##### Provided information #####

lemma residue_of_tendsto_mult:
  fixes f :: "complex \<Rightarrow> complex"
  assumes "f holomorphic_on (UNIV - P)" "finite P"
    and "((\<lambda>w. f w * (w - p)) \<longlongrightarrow> c) (at p)"
  shows "residue f p = c"
proof (rule residue_simple')
  show "open (UNIV - (P - {p}))"
    using \<open>finite P\<close> by (intro open_Diff finite_imp_closed) auto
  show "f holomorphic_on (UNIV - (P - {p}) - {p})"
    using assms(1) by (rule holomorphic_on_subset) auto
qed (use assms in auto)

section \<open>Analytic continuation of the zeta function\<close>

definition zeta_series :: "complex \<Rightarrow> complex" where
  "zeta_series s = (\<Sum>k. of_nat (Suc k) powr (- s))"

lemma sums_zeta_series: "1 < Re s \<Longrightarrow> (\<lambda>k. of_nat (Suc k) powr (- s)) sums zeta_series s"
  unfolding zeta_series_def
  by (intro summable_sums, rule summable_norm_cancel)
     (simp add: norm_of_nat_powr summable_real_Suc_powr del: of_nat_Suc)

lemma holomorphic_zeta_series: "zeta_series holomorphic_on {s. 1 < Re s}"
  unfolding zeta_series_def[abs_def]
proof (rule holomorphic_on_suminf_dominated)
  show "open {s. 1 < Re s}"
    by (simp add: open_halfspace_Re_gt)
  show "(\<lambda>s. of_nat (Suc k) powr (- s)) holomorphic_on {s. 1 < Re s}" for k
    by (intro holomorphic_intros)
  fix x assume "x \<in> {s. 1 < Re s}"
  define d where "d = (Re x - 1) / 2"
  have "d > 0"
    using \<open>x \<in> _\<close> by (simp add: d_def)
  moreover have "cball x d \<subseteq> {s. 1 < Re s}"
    using \<open>x \<in> _\<close> Re_ge_of_mem_cball[of _ x d] unfolding d_def by (force simp: field_simps)
  moreover have "norm (of_nat (Suc n) powr (- y)) \<le> real (Suc n) powr (- (1 + d))"
    if "y \<in> cball x d" for n y
    using Re_ge_of_mem_cball[OF that] unfolding norm_of_nat_powr d_def
    by (intro powr_mono) (auto simp: field_simps)
  moreover have "summable (\<lambda>n. real (Suc n) powr (- (1 + d)))"
    using \<open>d > 0\<close> by (intro summable_real_Suc_powr) simp
  ultimately show "\<exists>d>0. cball x d \<subseteq> {s. 1 < Re s} \<and> (\<exists>M. summable M \<and>
      (\<forall>\<^sub>F n in sequentially. \<forall>y\<in>cball x d. norm (of_nat (Suc n) powr (- y)) \<le> M n))"
    by (intro exI[of _ d] conjI exI[of _ "\<lambda>n. real (Suc n) powr (- (1 + d))"] always_eventually)
       auto
qed

text \<open>The error of the order-\<open>K\<close> binomial expansion of \<open>(n + 2) powr (1 - s)\<close> around \<open>n + 1\<close>.
  It is \<open>O(n powr (- Re s - K))\<close>, so its sum over \<open>n\<close> is holomorphic for \<open>Re s > 1 - K\<close>, while
  for \<open>Re s > 1\<close> the sum telescopes into zeta values.\<close>
definition binom_rem :: "nat \<Rightarrow> nat \<Rightarrow> complex \<Rightarrow> complex" where
  "binom_rem K n s = of_nat (Suc (Suc n)) powr (1 - s)
     - (\<Sum>j\<le>K. ((1 - s) gchoose j) * of_nat (Suc n) powr (1 - s - of_nat j))"

definition binom_rem_sum :: "nat \<Rightarrow> complex \<Rightarrow> complex" where
  "binom_rem_sum K s = (\<Sum>n. binom_rem K n s)"

lemma binom_rem_sum_eq_zeta_series:
  assumes s: "1 < Re s"
  shows "binom_rem_sum K s = - (\<Sum>j=1..K. ((1 - s) gchoose j) * zeta_series (s + of_nat j - 1)) - 1"
proof -
  define f where "f n = (of_nat (Suc n) :: complex) powr (1 - s)" for n
  have "f \<longlonglongrightarrow> 0"
    unfolding f_def by (rule tendsto_neg_powr_complex_of_nat[OF filterlim_Suc]) (use s in simp)
  then have tel: "(\<lambda>n. f n - f (Suc n)) sums 1"
    using telescope_sums' by (fastforce simp: f_def)
  have shifted: "(\<lambda>n. of_nat (Suc n) powr (1 - s - of_nat j)) sums zeta_series (s + of_nat j - 1)"
    if "1 \<le> j" for j
    using sums_zeta_series[of "s + of_nat j - 1"] s that by (simp add: algebra_simps)
  have "{..K} = insert 0 {1..K}"
    by auto
  then have "binom_rem K n s = - (\<Sum>j=1..K. ((1 - s) gchoose j) * of_nat (Suc n) powr (1 - s - of_nat j))
      - (f n - f (Suc n))" for n
    by (simp add: binom_rem_def f_def)
  moreover have "(\<lambda>n. - (\<Sum>j=1..K. ((1 - s) gchoose j) * of_nat (Suc n) powr (1 - s - of_nat j))
      - (f n - f (Suc n))) sums (- (\<Sum>j=1..K. ((1 - s) gchoose j) * zeta_series (s + of_nat j - 1)) - 1)"
    by (intro sums_diff sums_minus sums_sum sums_mult shifted tel) auto
  ultimately show ?thesis
    unfolding binom_rem_sum_def by (simp add: sums_iff)
qed

lemma binom_rem_eq_suminf:
  assumes "1 \<le> n"
  shows "binom_rem K n s = (\<Sum>j. ((1 - s) gchoose (j + Suc K)) * of_nat (Suc n) powr (1 - s - of_nat (j + Suc K)))"
proof -
  define g where "g j = ((1 - s) gchoose j) * of_nat (Suc n) powr (1 - s - of_nat j)" for j
  have "g sums (of_nat (Suc (Suc n)) powr (1 - s))"
    using gen_binomial_complex''[of 1 "real (Suc n)" "1 - s"] assms unfolding g_def by (simp add: add.commute)
  then have "(\<lambda>j. g (j + Suc K)) sums (of_nat (Suc (Suc n)) powr (1 - s) - (\<Sum>j<Suc K. g j))"
    by (rule sums_split_initial_segment)
  then show ?thesis
    by (simp add: sums_iff binom_rem_def g_def lessThan_Suc_atMost)
qed

lemma norm_binom_rem_le:
  assumes Q: "1 + norm (1 - s) \<le> Q" "2 * Q \<le> real (Suc n)" and \<sigma>: "\<sigma> \<le> Re s"
  shows "norm (binom_rem K n s) \<le> 2 * Q ^ Suc K * real (Suc n) powr (- \<sigma> - real K)"
proof -
  define X where "X = real (Suc n)"
  define c where "c = Q ^ Suc K * X powr (- \<sigma> - real K)"
  define r where "r = Q / X"
  have "1 \<le> Q"
    using Q(1) norm_ge_zero[of "1 - s"] by linarith
  then have "2 \<le> X" "1 \<le> n"
    using Q(2) by (simp_all add: X_def)
  have r: "0 \<le> r" "r \<le> 1 / 2"
    using Q \<open>1 \<le> Q\<close> \<open>2 \<le> X\<close> by (auto simp: r_def X_def field_simps)
  have bound: "norm (((1 - s) gchoose (j + Suc K)) * of_nat (Suc n) powr (1 - s - of_nat (j + Suc K)))
      \<le> c * r ^ j" for j
  proof -
    have "norm ((1 - s) gchoose (j + Suc K)) \<le> Q ^ (j + Suc K)"
      by (rule order_trans[OF norm_gbinomial_le power_mono[OF Q(1)]]) simp
    then have "norm (((1 - s) gchoose (j + Suc K)) * of_nat (Suc n) powr (1 - s - of_nat (j + Suc K)))
        \<le> Q ^ (j + Suc K) * X powr Re (1 - s - of_nat (j + Suc K))"
      unfolding norm_mult norm_of_nat_powr X_def by (intro mult_right_mono) auto
    also have "X powr Re (1 - s - of_nat (j + Suc K)) \<le> X powr (- \<sigma> - real K - real j)"
      using \<sigma> \<open>2 \<le> X\<close> by (intro powr_mono) auto
    also have "Q ^ (j + Suc K) * X powr (- \<sigma> - real K - real j) = c * r ^ j"
      using \<open>2 \<le> X\<close> by (simp add: c_def r_def powr_diff powr_realpow power_add power_divide)
    finally show ?thesis
      using \<open>1 \<le> Q\<close> by (simp add: mult_left_mono)
  qed
  have geom: "(\<lambda>j. c * r ^ j) sums (c * (1 / (1 - r)))"
    using r by (intro sums_mult geometric_sums) simp
  have "norm (binom_rem K n s) \<le> c * (1 / (1 - r))"
    unfolding binom_rem_eq_suminf[OF \<open>1 \<le> n\<close>]
    using norm_suminf_le[OF bound sums_summable[OF geom]] sums_unique[OF geom] by simp
  also have "\<dots> \<le> c * 2"
    using r \<open>1 \<le> Q\<close> by (intro mult_left_mono) (auto simp: c_def field_simps)
  finally show ?thesis
    by (simp add: c_def X_def mult_ac)
qed

lemma holomorphic_binom_rem_sum: "binom_rem_sum K holomorphic_on {s. 1 - real K < Re s}"
  unfolding binom_rem_sum_def[abs_def]
proof (rule holomorphic_on_suminf_dominated)
  show "open {s. 1 - real K < Re s}"
    by (simp add: open_halfspace_Re_gt)
  show "(\<lambda>s. binom_rem K n s) holomorphic_on {s. 1 - real K < Re s}" for n
    unfolding binom_rem_def by (intro holomorphic_intros)
  fix x assume "x \<in> {s. 1 - real K < Re s}"
  define d where "d = (Re x + real K - 1) / 2"
  define \<sigma> where "\<sigma> = Re x - d"
  define Q where "Q = 1 + norm (1 - x) + d"
  have "0 < d" "1 < \<sigma> + real K"
    using \<open>x \<in> _\<close> by (auto simp: d_def \<sigma>_def field_simps)
  have \<sigma>_le: "\<sigma> \<le> Re y" if "y \<in> cball x d" for y
    unfolding \<sigma>_def using that by (rule Re_ge_of_mem_cball)
  have "cball x d \<subseteq> {s. 1 - real K < Re s}"
    using \<sigma>_le \<open>1 < \<sigma> + real K\<close> by fastforce
  moreover have "norm (binom_rem K n y) \<le> 2 * Q ^ Suc K * real (Suc n) powr (- (\<sigma> + real K))"
    if "nat \<lceil>2 * Q\<rceil> \<le> n" "y \<in> cball x d" for n y
  proof -
    have "1 + norm (1 - y) \<le> Q"
      using that(2) norm_triangle_ineq[of "1 - x" "x - y"] by (simp add: Q_def dist_norm)
    moreover have "2 * Q \<le> real (Suc n)"
      using that(1) real_nat_ceiling_ge[of "2 * Q"] by linarith
    ultimately show ?thesis
      using norm_binom_rem_le[OF _ _ \<sigma>_le[OF that(2)]] by simp
  qed
  then have "\<forall>\<^sub>F n in sequentially. \<forall>y\<in>cball x d.
      norm (binom_rem K n y) \<le> 2 * Q ^ Suc K * real (Suc n) powr (- (\<sigma> + real K))"
    unfolding eventually_sequentially by blast
  moreover have "summable (\<lambda>n. 2 * Q ^ Suc K * real (Suc n) powr (- (\<sigma> + real K)))"
    by (intro summable_mult summable_real_Suc_powr \<open>1 < \<sigma> + real K\<close>)
  ultimately show "\<exists>d>0. cball x d \<subseteq> {s. 1 - real K < Re s} \<and> (\<exists>M. summable M \<and>
      (\<forall>\<^sub>F n in sequentially. \<forall>y\<in>cball x d. norm (binom_rem K n y) \<le> M n))"
    using \<open>0 < d\<close> by blast
qed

#####

| What is needed |
Output, from the data above, the lines from the line with "by (intro sums_diff" to the line with "by (rule sums_split_initial_segment)" exactly as they stand, both ends included and nothing else.

| Completed task |
    by (intro sums_diff sums_minus sums_sum sums_mult shifted tel) auto
  ultimately show ?thesis
    unfolding binom_rem_sum_def by (simp add: sums_iff)
qed

lemma binom_rem_eq_suminf:
  assumes "1 \<le> n"
  shows "binom_rem K n s = (\<Sum>j. ((1 - s) gchoose (j + Suc K)) * of_nat (Suc n) powr (1 - s - of_nat (j + Suc K)))"
proof -
  define g where "g j = ((1 - s) gchoose j) * of_nat (Suc n) powr (1 - s - of_nat j)" for j
  have "g sums (of_nat (Suc (Suc n)) powr (1 - s))"
    using gen_binomial_complex''[of 1 "real (Suc n)" "1 - s"] assms unfolding g_def by (simp add: add.commute)
  then have "(\<lambda>j. g (j + Suc K)) sums (of_nat (Suc (Suc n)) powr (1 - s) - (\<Sum>j<Suc K. g j))"
    by (rule sums_split_initial_segment)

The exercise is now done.